Because she was respiratory onset, Mary did not lose the ability to speak early in her ALS journey, like those with bulbar onset do. She had decided to do “voice-banking”, using a program to record her own voice so that it could later be programmed into a speech generation device. She got all the equipment and software she needed….then didn’t record a single word. I think because she had had such an amazing voice, had been such an amazing singer, she wasn’t happy with how she sounded. I don’t think she understood that it was just going to get worse. Or how much it would have meant to have her voice recorded.
Ten months after diagnosis, her hands were nearly non-functional. I started a fundraiser to purchase an eye-gaze communication device for her. At the time, Medicaid/Medicare would only cover a locked device, which meant she would not be able to use it for any internet access. Since that was how she communicated with people, most of whom lived at least three hours away, we decided not to use Medicaid. She got a grant from ALS Guardian Angels, friends and family donated money, and I paid for the rest of it out of pocket: a Tobii EyeMobile and a Windows 8 tablet with Dynavox software. The Adaptive Communication Specialist came out to the house to calibrate it to Mary’s vision. We couldn’t quite get it right, we thought because of her glasses, or the lighting in the house, but we were sure with practice she would be able to get it down. She was also only the second person in the area to have the new EyeMobile, and they were still working out the bugs. I was nearly in tears, with joy, that she would be able to be online again, to text her friends, that she would have a way to communicate when her weakening voice was gone. But she didn’t practice. It sat in the box. The ALS Association loaned her a more traditional Tobii I-15 and we tried to calibrate that to her eyes. It worked a little better, but it still sat in the corner. I’m not entirely sure why.

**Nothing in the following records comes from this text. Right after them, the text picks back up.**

lemma lower_distortion_at_endpoint_offset_zero:
  assumes "0 < \<sigma>" "0 \<le> p" "a \<le> 1" "q \<le> p / \<sigma>" "p / \<sigma> < 1 - sqrt (1 - a)"
  shows "lower_distortion \<sigma> a q p = \<sigma>\<^sup>2 + (\<sigma> - p)\<^sup>2 - 2 * \<sigma> * (\<sigma> - p) * sqrt (1 - a)"
proof -
  have t: "pos_part (\<sigma> * q - p) = 0"
    using assms(1,4) by (simp add: pos_part_def field_simps)
  have lt: "\<sigma> * sqrt (1 - a) < \<sigma> - p"
    using assms(1,5) by (simp add: field_simps)
  have nonneg: "0 \<le> \<sigma> * sqrt (1 - a)"
    using assms(1,3) by simp
  then have l: "pos_part (\<sigma> - p) = \<sigma> - p"
    using lt by (simp add: pos_part_def)
  have "(\<sigma> * sqrt (1 - a))\<^sup>2 \<le> (\<sigma> - p)\<^sup>2"
    using lt nonneg by (intro power_mono) auto
  then have "\<sigma>\<^sup>2 * (1 - a) \<le> (\<sigma> - p)\<^sup>2 - 0\<^sup>2"
    using assms(3) by (simp add: power_mult_distrib)
  then have "lower_distortion \<sigma> a q p = distortion_objective \<sigma> (1 - a) 0 (\<sigma> - p)"
    unfolding lower_distortion_def t l
    using assms(1,2,3) lt nonneg by (intro Inf_distortion_objective_at_left_endpoint) auto
  also have "\<dots> = \<sigma>\<^sup>2 + (\<sigma> - p)\<^sup>2 - 2 * \<sigma> * (\<sigma> - p) * sqrt (1 - a)"
    using lt nonneg by (simp add: distortion_objective_def real_sqrt_mult)
  finally show ?thesis .
qed

lemma lower_distortion_at_critical_offset_pos:
  assumes "0 < \<sigma>" "0 \<le> p" "q < 1" "a \<le> 1" "q\<^sup>2 \<le> a"
    and "(a - q\<^sup>2) / (2 - 2 * q) \<le> p / \<sigma>" "p / \<sigma> < q"
  shows "lower_distortion \<sigma> a q p = \<sigma>\<^sup>2 * a + (\<sigma> * q - p)\<^sup>2"
proof -
  define t where "t = \<sigma> * q - p"
  have t_pos: "0 < t"
    using assms(1,7) by (simp add: t_def field_simps)
  then have t: "pos_part (\<sigma> * q - p) = t"
    by (simp add: pos_part_def t_def)
  define z where "z = sqrt (t\<^sup>2 + \<sigma>\<^sup>2 * (1 - a))"
  have z_nonneg: "0 \<le> z" and z_sq: "z\<^sup>2 = t\<^sup>2 + \<sigma>\<^sup>2 * (1 - a)"
    using assms(4) by (simp_all add: z_def)
  have "t\<^sup>2 \<le> (\<sigma> * q)\<^sup>2"
    using t_pos assms(2) by (intro power_mono) (auto simp: t_def)
  also have "\<dots> \<le> \<sigma>\<^sup>2 * a"
    using assms(5) by (simp add: power_mult_distrib mult_left_mono)
  finally have "z\<^sup>2 \<le> \<sigma>\<^sup>2"
    using z_sq by (simp add: algebra_simps)
  then have "z \<le> \<sigma>"
    using assms(1) z_nonneg by (simp add: power2_le_iff_abs_le)
  have "\<sigma> * ((a - q\<^sup>2) / (2 - 2 * q)) \<le> p"
    using assms(1,6) by (simp add: field_simps)
  then have "2 * \<sigma> * (1 - q) * (\<sigma> * ((a - q\<^sup>2) / (2 - 2 * q)) - p) \<le> 0"
    using assms(1,3) by (intro mult_nonneg_nonpos) auto
  then have "(\<sigma> - p)\<^sup>2 \<le> z\<^sup>2"
    using endpoint_excess_eq[of q \<sigma> p a] assms(3) z_sq by (simp add: t_def)
  then have "\<sigma> - p \<le> z"
    using z_nonneg by (simp add: power2_le_iff_abs_le)
  with \<open>z \<le> \<sigma>\<close> z_nonneg have "z \<in> {pos_part (\<sigma> - p) .. \<sigma>}"
    by (auto simp: pos_part_def)
  moreover have "t\<^sup>2 \<le> s\<^sup>2" if "s \<in> {pos_part (\<sigma> - p) .. \<sigma>}" for s
    using sq_pos_part_scaled_le[OF _ _ that, of q] assms(1,3) t by simp
  ultimately show ?thesis
    unfolding lower_distortion_def t z_def
    using assms(1,4) by (subst Inf_distortion_objective_at_critical) (auto simp: t_def)
qed

lemma lower_distortion_at_endpoint_offset_pos:
  assumes "0 < \<sigma>" "0 \<le> p" "q < 1" "a \<le> 1"
    and "p / \<sigma> < (a - q\<^sup>2) / (2 - 2 * q)" "p / \<sigma> < q"
  shows "lower_distortion \<sigma> a q p
       = \<sigma>\<^sup>2 + (\<sigma> - p)\<^sup>2 - 2 * \<sigma>\<^sup>2 * sqrt (1 - a) * sqrt ((1 - q) * (1 + q - 2 * p / \<sigma>))"
proof -
  define t where "t = \<sigma> * q - p"
  have "p < \<sigma> * q"
    using assms(1,6) by (simp add: field_simps)
  moreover have "\<sigma> * q < \<sigma>"
    using assms(1,3) mult_strict_left_mono[of q 1 \<sigma>] by simp
  ultimately have t: "pos_part (\<sigma> * q - p) = t" and l: "pos_part (\<sigma> - p) = \<sigma> - p" and "p < \<sigma>"
    by (simp_all add: pos_part_def t_def)
  have "p < \<sigma> * ((a - q\<^sup>2) / (2 - 2 * q))"
    using assms(1,5) by (simp add: field_simps)
  then have "0 < 2 * \<sigma> * (1 - q) * (\<sigma> * ((a - q\<^sup>2) / (2 - 2 * q)) - p)"
    using assms(1,3) by simp
  then have excess: "\<sigma>\<^sup>2 * (1 - a) \<le> (\<sigma> - p)\<^sup>2 - t\<^sup>2"
    using endpoint_excess_eq[of q \<sigma> p a] assms(3) by (simp add: t_def)
  have gap: "(\<sigma> - p)\<^sup>2 - t\<^sup>2 = \<sigma>\<^sup>2 * ((1 - q) * (1 + q - 2 * p / \<sigma>))"
    using assms(1) by (simp add: t_def power2_eq_square field_simps)
  have "lower_distortion \<sigma> a q p = distortion_objective \<sigma> (1 - a) t (\<sigma> - p)"
    unfolding lower_distortion_def t l
    using assms(1,2,4) excess \<open>p < \<sigma>\<close> by (intro Inf_distortion_objective_at_left_endpoint) auto
  also have "\<dots> = \<sigma>\<^sup>2 + (\<sigma> - p)\<^sup>2 - 2 * \<sigma>\<^sup>2 * sqrt (1 - a) * sqrt ((1 - q) * (1 + q - 2 * p / \<sigma>))"
    using assms(1) unfolding distortion_objective_def gap
    by (simp add: real_sqrt_mult power2_eq_square)
  finally show ?thesis .
qed

lemma regime_intervals_not_both_nonempty:
  assumes "q < 1" "a \<le> 1"
  shows "\<not> (q < 1 - sqrt (1 - a) \<and> (a - q\<^sup>2) / (2 - 2 * q) < q)"
proof
  assume h: "q < 1 - sqrt (1 - a) \<and> (a - q\<^sup>2) / (2 - 2 * q) < q"
  then have "(1 - q)\<^sup>2 < 1 - a"
    using assms(1) by (simp add: field_simps power2_eq_square)
  then have "1 - q < sqrt (1 - a)"
    using assms(1) real_sqrt_less_mono by fastforce
  with h show False
    by simp
qed

lemma lower_distortion_regimes:
  assumes "0 < \<sigma>" "0 \<le> p" "0 \<le> a" "a \<le> 1" "q < 1" "q\<^sup>2 \<le> a"
  shows "(p / \<sigma> \<ge> max (1 - sqrt (1 - a)) q \<longrightarrow> lower_distortion \<sigma> a q p = \<sigma>\<^sup>2 * a)
    \<and> (q \<le> p / \<sigma> \<and> p / \<sigma> < 1 - sqrt (1 - a) \<longrightarrow>
          lower_distortion \<sigma> a q p = \<sigma>\<^sup>2 + (\<sigma> - p)\<^sup>2 - 2 * \<sigma> * (\<sigma> - p) * sqrt (1 - a))
    \<and> ((a - q\<^sup>2) / (2 - 2 * q) \<le> p / \<sigma> \<and> p / \<sigma> < q \<longrightarrow>
          lower_distortion \<sigma> a q p = \<sigma>\<^sup>2 * a + (\<sigma> * q - p)\<^sup>2)
    \<and> (p / \<sigma> < min ((a - q\<^sup>2) / (2 - 2 * q)) q \<longrightarrow>
          lower_distortion \<sigma> a q p =
            \<sigma>\<^sup>2 + (\<sigma> - p)\<^sup>2 - 2 * \<sigma>\<^sup>2 * sqrt (1 - a) * sqrt ((1 - q) * (1 + q - 2 * p / \<sigma>)))
    \<and> \<not> (q < 1 - sqrt (1 - a) \<and> (a - q\<^sup>2) / (2 - 2 * q) < q)"
  using assms lower_distortion_at_critical_offset_zero lower_distortion_at_endpoint_offset_zero
    lower_distortion_at_critical_offset_pos lower_distortion_at_endpoint_offset_pos regime_intervals_not_both_nonempty
  by auto

theorem mainTheorem8:
  fixes mu sigma Rc P :: real
  assumes "sigma > 0" and "Rc \<ge> 0" and "P \<ge> 0"
  shows "(Dlow' 0 Rc P mu sigma = sigma\<^sup>2 + (pos_part (sigma - sqrt P))\<^sup>2)
    \<and> (\<forall>R>0. sqrt P / sigma \<ge> max (1 - sqrt (1 - exp (-2*R))) (exp (-(R+Rc))) \<longrightarrow>
            Dlow' R Rc P mu sigma = sigma\<^sup>2 * exp (-2*R))
    \<and> (\<forall>R>0. exp (-(R+Rc)) \<le> sqrt P / sigma \<and> sqrt P / sigma < 1 - sqrt (1 - exp (-2*R)) \<longrightarrow>
            Dlow' R Rc P mu sigma =
              sigma\<^sup>2 + (sigma - sqrt P)\<^sup>2 - 2 * sigma * (sigma - sqrt P) * sqrt (1 - exp (-2*R)))
    \<and> (\<forall>R>0. nu R Rc \<le> sqrt P / sigma \<and> sqrt P / sigma < exp (-(R+Rc)) \<longrightarrow>
            Dlow' R Rc P mu sigma = sigma\<^sup>2 * exp (-2*R) + (sigma * exp (-(R+Rc)) - sqrt P)\<^sup>2)
    \<and> (\<forall>R>0. sqrt P / sigma < min (nu R Rc) (exp (-(R+Rc))) \<longrightarrow>
            Dlow' R Rc P mu sigma =
              sigma\<^sup>2 + (sigma - sqrt P)\<^sup>2 - 2 * sigma\<^sup>2 * sqrt (1 - exp (-2*R)) *
                sqrt ((1 - exp (-(R+Rc))) * (1 + exp (-(R+Rc)) - 2 * sqrt P / sigma)))
    \<and> (\<forall>R>0. \<not> (exp (-(R+Rc)) < 1 - sqrt (1 - exp (-2*R)) \<and> nu R Rc < exp (-(R+Rc))))"
proof -
  have zero_rate: "Dlow' 0 Rc P mu sigma = sigma\<^sup>2 + (pos_part (sigma - sqrt P))\<^sup>2"
    using lower_distortion_zero_rate[OF assms(1) real_sqrt_ge_zero[OF assms(3)]] assms(2)
    by (simp add: Dlow'_eq_lower_distortion)
  have rate_a: "exp (-2*R) \<le> 1" and rate_q: "exp (-(R+Rc)) < 1"
    and rate_aq: "(exp (-(R+Rc)))\<^sup>2 \<le> exp (-2*R)" if "R > 0" for R
    using that assms(2) by (simp_all add: power2_eq_square flip: exp_add)
  note regimes = lower_distortion_regimes[OF assms(1) real_sqrt_ge_zero[OF assms(3)] exp_ge_zero
      rate_a rate_q rate_aq]
  show ?thesis
    using zero_rate regimes unfolding Dlow'_eq_lower_distortion nu_eq by blast
qed

end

When she could no longer speak because of the trach, I took the Tobii to the hospital. We couldn’t get it to recognize her eye gaze. The hospital Speech and Language Pathologist tried to get it working. I demanded they bring the Adaptive Communication Specialist in from another one of their hospitals to work with her, which they did for a couple of weeks, and then “budget cuts” got in the way. We snuck the Adaptive Communication Specialist into the hospital as a “visitor” to try to make adjustments. We would get it working, then a nurse or CNA would move the stand, and then it wouldn’t recognize her eye gaze again. We finally figured out that she was having fasciculations in her eye muscles, so that her eye gaze did not hold long enough for the machine to recognize it.
People think that ALS won’t affect the eye muscles. They say that about a lot of muscles. The thing is that yes, ALS affects the voluntary muscles. But every muscle that you can learn to control can be affected. You can learn to hold your breath; breathing is affected. You can learn to hold your bladder and bowels; your sphincters are affected. You can learn to direct your eye gaze and focus your vision to different distances; your eye muscles are affected.
When you can’t type, or write, or speak, when you can’t move your hands or fingers, when the one tool you thought you would be able to use to communicate is taken away, how do you express your needs? Your fears? Pain? How do you call a nurse? How do you share what you are thinking or feeling? How do you tell someone that you love them?